The Breakthrough Emotional Eating Podcast

BEE #135: The Science Behind Your Sweet Tooth and How to Control It

Kristin Jones

Message me with comments or questions

Conquer Your Sugar Cravings: A Practical Guide to Balanced Indulgence

Ever wondered why you crave sugar, even when you know it's not the best choice? Join Kristen Jones on the Breakthrough Emotional Eating Podcast as we unravel the science behind sugar cravings and explore effective strategies to manage them.

In this episode, you'll discover:

  • The Science of Sugar Cravings: Understand the physiological factors that trigger sugar cravings and how they can be influenced by your diet and lifestyle.
  • Smart Nutrition Strategies: Learn how to enjoy sweets responsibly by incorporating fiber, protein, and healthy fats into your meals.
  • The Power of Protein: Discover the benefits of a protein-rich breakfast in curbing afternoon sugar cravings.
  • Vinegar's Role in Blood Sugar Management: Explore the potential of vinegar in moderating blood sugar spikes.
  • Community and Support: Connect with like-minded individuals in the Breakthrough Emotional Eating Facebook group.

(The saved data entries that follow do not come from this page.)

instance well_ordered :: (finite) finite
proof
  have "(UNIV :: 'a well_ordered set) = Abs_well_ordered ` UNIV"
    by (metis Abs_well_ordered_cases surj_def)
  then show "finite (UNIV :: 'a well_ordered set)" by (metis finite finite_imageI)
qed

definition well_ordered_index :: "'a::finite well_ordered \<Rightarrow> nat" where
  "well_ordered_index x = to_nat_on (UNIV :: 'a set) (Rep_well_ordered x)"

lemma inj_well_ordered_index: "inj well_ordered_index"
  unfolding well_ordered_index_def
  by (intro inj_onI) (metis Rep_well_ordered_inject UNIV_I countable_finite finite inj_on_to_nat_on inj_onD)

instantiation well_ordered :: (finite) wellorder
begin

definition "x \<le> y \<longleftrightarrow> well_ordered_index x \<le> well_ordered_index y"
definition "x < y \<longleftrightarrow> well_ordered_index x < well_ordered_index y"

instance
proof
  fix P :: "'a well_ordered \<Rightarrow> bool" and a
  assume step: "\<And>x. (\<And>y. y < x \<Longrightarrow> P y) \<Longrightarrow> P x"
  have "\<forall>x. well_ordered_index x = n \<longrightarrow> P x" for n
  proof (induction n rule: less_induct)
    case (less n)
    then show ?case using step unfolding less_well_ordered_def by blast
  qed
  then show "P a" by blast
qed (auto simp: less_eq_well_ordered_def less_well_ordered_def inj_well_ordered_index inj_eq)

end

lemma bij_Rep_well_ordered: "bij Rep_well_ordered"
  by (metis Rep_well_ordered_inject Rep_well_ordered_cases UNIV_I bij_def inj_def surj_def)

lemma bij_Abs_well_ordered: "bij Abs_well_ordered"
  by (metis Abs_well_ordered_inject Abs_well_ordered_cases UNIV_I bij_def inj_def surj_def)

lemma lborel_distr_orthogonal_wellorder:
  fixes T :: "(real,'m::{finite,wellorder}) vec \<Rightarrow> (real,'m) vec"
  assumes T: "orthogonal_transformation T"
  shows "distr lborel borel T = lborel"
proof (rule lborel_eqI[symmetric])
  have T_measurable: "T \<in> borel_measurable borel"
    using T by (simp add: borel_measurable_linear orthogonal_transformation_linear)
  have T_inv: "orthogonal_transformation (inv T)"
    using T orthogonal_transformation_inv by blast
  fix l u :: "(real,'m) vec" assume "\<And>b. b \<in> Basis \<Longrightarrow> l \<bullet> b \<le> u \<bullet> b"
  have preimage: "T -` box l u = inv T ` box l u"
    using T by (metis bij_vimage_eq_inv_image orthogonal_transformation_bij)
  have image_borel: "inv T ` box l u \<in> sets borel"
    using T_measurable preimage by (metis borel_open measurable_sets open_box space_borel vimage_Int Int_UNIV_right)
  have box: "box l u \<in> lmeasurable" by simp
  have "emeasure (distr lborel borel T) (box l u) = emeasure lborel (inv T ` box l u)"
    using T_measurable preimage by (simp add: emeasure_distr)
  also have "\<dots> = emeasure lebesgue (inv T ` box l u)"
    using image_borel by simp
  also have "\<dots> = measure lebesgue (inv T ` box l u)"
    using measurable_orthogonal_image[OF T_inv box] by (simp add: emeasure_eq_measure2)
  also have "\<dots> = measure lebesgue (box l u)"
    using measure_orthogonal_image[OF T_inv box] by simp
  also have "\<dots> = emeasure lborel (box l u)"
    using box by (simp add: emeasure_eq_measure2)
  also have "\<dots> = (\<Prod>b\<in>Basis. (u - l) \<bullet> b)"
    using \<open>\<And>b. b \<in> Basis \<Longrightarrow> l \<bullet> b \<le> u \<bullet> b\<close> by (simp add: emeasure_lborel_box_eq)
  finally show "emeasure (distr lborel borel T) (box l u) = (\<Prod>b\<in>Basis. (u - l) \<bullet> b)" .
qed simp
section \<open>The event \<open>\<M>\<^sub>i\<^sub>,\<^sub>\<kappa>\<close>\<close>

lemma sum_deviation_gt_of_gap_deviation:
  fixes S \<mu> \<theta> v :: real and t :: nat
  assumes "1 \<le> t" "sqrt (v / t) < \<bar>\<bar>S / t - \<theta>\<bar> - \<bar>\<mu> - \<theta>\<bar>\<bar>"
  shows "sqrt (t * v) < \<bar>S - t * \<mu>\<bar>"
proof -
  have "0 < real t" using assms(1) by simp
  have "sqrt (t * v) = sqrt ((real t)\<^sup>2 * (v / t))"
    using \<open>0 < real t\<close> by (simp add: power2_eq_square)
  also have "\<dots> = t * sqrt (v / t)"
    by (simp only: real_sqrt_mult real_sqrt_abs abs_of_nat)
  also have "\<dots> < t * \<bar>\<bar>S / t - \<theta>\<bar> - \<bar>\<mu> - \<theta>\<bar>\<bar>"
    using assms(2) \<open>0 < real t\<close> by simp
  also have "\<dots> \<le> t * \<bar>S / t - \<mu>\<bar>"
    using \<open>0 < real t\<close> by (intro mult_left_mono) linarith+
  also have "\<dots> = \<bar>S - t * \<mu>\<bar>"
    using \<open>0 < real t\<close> by (simp add: abs_mult[symmetric] field_simps)
  finally show ?thesis .
qed

lemma peeling_constant_le:
  fixes \<alpha> A :: real
  assumes "0 < \<alpha>" "0 \<le> A"
  shows "2 * exp (- A) / (1 - 2 powr (- (1 / (4 * \<alpha>))))
           \<le> 4 * 2 powr (1 / (8 * \<alpha>)) / (2 powr (1 / (8 * \<alpha>)) - 1) * exp (- A / 2)"
proof -
  define q where "q = 2 powr (1 / (8 * \<alpha>))"
  have "1 < q" using assms(1) by (simp add: q_def)
  have "q\<^sup>2 = 2 powr (1 / (4 * \<alpha>))"
    by (simp add: q_def power2_eq_square powr_add[symmetric])
  then have "2 * exp (- A) / (1 - 2 powr (- (1 / (4 * \<alpha>)))) = 2 * q\<^sup>2 / ((q - 1) * (q + 1)) * exp (- A)"
    using \<open>1 < q\<close> by (simp add: powr_minus_divide field_simps power2_eq_square)
  also have "\<dots> \<le> 4 * q * (q + 1) / ((q - 1) * (q + 1)) * exp (- A / 2)"
  proof (rule mult_mono)
    have "0 \<le> q * q" "0 \<le> q" using \<open>1 < q\<close> by auto
    then have "2 * q\<^sup>2 \<le> 4 * q * (q + 1)" by (simp add: power2_eq_square algebra_simps)
    then show "2 * q\<^sup>2 / ((q - 1) * (q + 1)) \<le> 4 * q * (q + 1) / ((q - 1) * (q + 1))"
      using \<open>1 < q\<close> by (intro divide_right_mono) auto
  qed (use \<open>1 < q\<close> assms(2) in auto)
  also have "\<dots> = 4 * q / (q - 1) * exp (- A / 2)"
    using \<open>1 < q\<close> by simp
  finally show ?thesis
    unfolding q_def .
qed

lemma one_le_peeling_constant:
  fixes \<alpha> A :: real
  assumes "0 < \<alpha>" "A < 0"
  shows "1 \<le> 4 * 2 powr (1 / (8 * \<alpha>)) / (2 powr (1 / (8 * \<alpha>)) - 1) * exp (- A / 2)"
proof -
  have "1 < 2 powr (1 / (8 * \<alpha>))" using assms(1) by simp
  then have "1 \<le> 4 * 2 powr (1 / (8 * \<alpha>)) / (2 powr (1 / (8 * \<alpha>)) - 1)"
    by (simp add: field_simps)
  moreover have "1 \<le> exp (- A / 2)"
    using assms(2) by simp
  ultimately show ?thesis
    using mult_mono[of 1 _ 1 "exp (- A / 2)"] by fastforce
qed

lemma (in prob_space) AE_mem_of_distr_prob_1:
  assumes "random_variable borel f" "measure (distr M borel f) S = 1" "S \<in> sets borel"
  shows "AE x in M. f x \<in> S"
proof -
  have "prob (f -` S \<inter> space M) = 1"
    using assms by (simp add: measure_distr)
  then have "AE x in M. x \<in> f -` S \<inter> space M"
    by (rule AE_prob_1)
  then show ?thesis by eventually_elim auto
qed

lemma Mevent_in_sets:
  assumes "\<And>s. X i s \<in> borel_measurable P"
  shows "Mevent P X \<alpha> D \<theta> K T i \<kappa> \<in> sets P"
proof -
  have [measurable]: "X i s \<in> borel_measurable P" for s by (fact assms)
  have "Measurable.pred P (\<lambda>\<omega>. \<forall>t::nat. 1 \<le> t \<and> real t \<le> lam \<alpha> D \<theta> K T i \<longrightarrow>
        \<bar>emp_gap X \<theta> i t \<omega> - gap D \<theta> i\<bar>
          \<le> sqrt ((lam \<alpha> D \<theta> K T i * (gap D \<theta> i)\<^sup>2 / 5 - \<kappa> / 2
                   + 1 / (4 * \<alpha>) * ln (lam \<alpha> D \<theta> K T i / real t)) / real t))"
    unfolding emp_gap_def by (intro pred_intros_countable pred_intros_logic) measurable
  then show ?thesis
    unfolding Mevent_def by measurable
qed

Tune in to gain practical insights and tools to break free from sugar cravings and achieve lasting balance.

Connect with me online:

1. Instagram:
https://www.instagram.com/breakthroughemotionaleating/
2. You Tube channel, Kristin Jones Coaching:
https://www.youtube.com/@KristinJonesCoaching44
3 . Website:
https://www.kristinjonescoaching.com

If you want to learn more about a non-diet approach to weight loss, get my FREE Stop Dieting Guide. Go to https://go.kristinjonescoaching.com/stop-dieting-guide

Needing more specific and direct support for your emotional eating and overeating? Check out my online course, Stop Dieting Start Feeling, and my personalized coaching program, Breakthrough To You.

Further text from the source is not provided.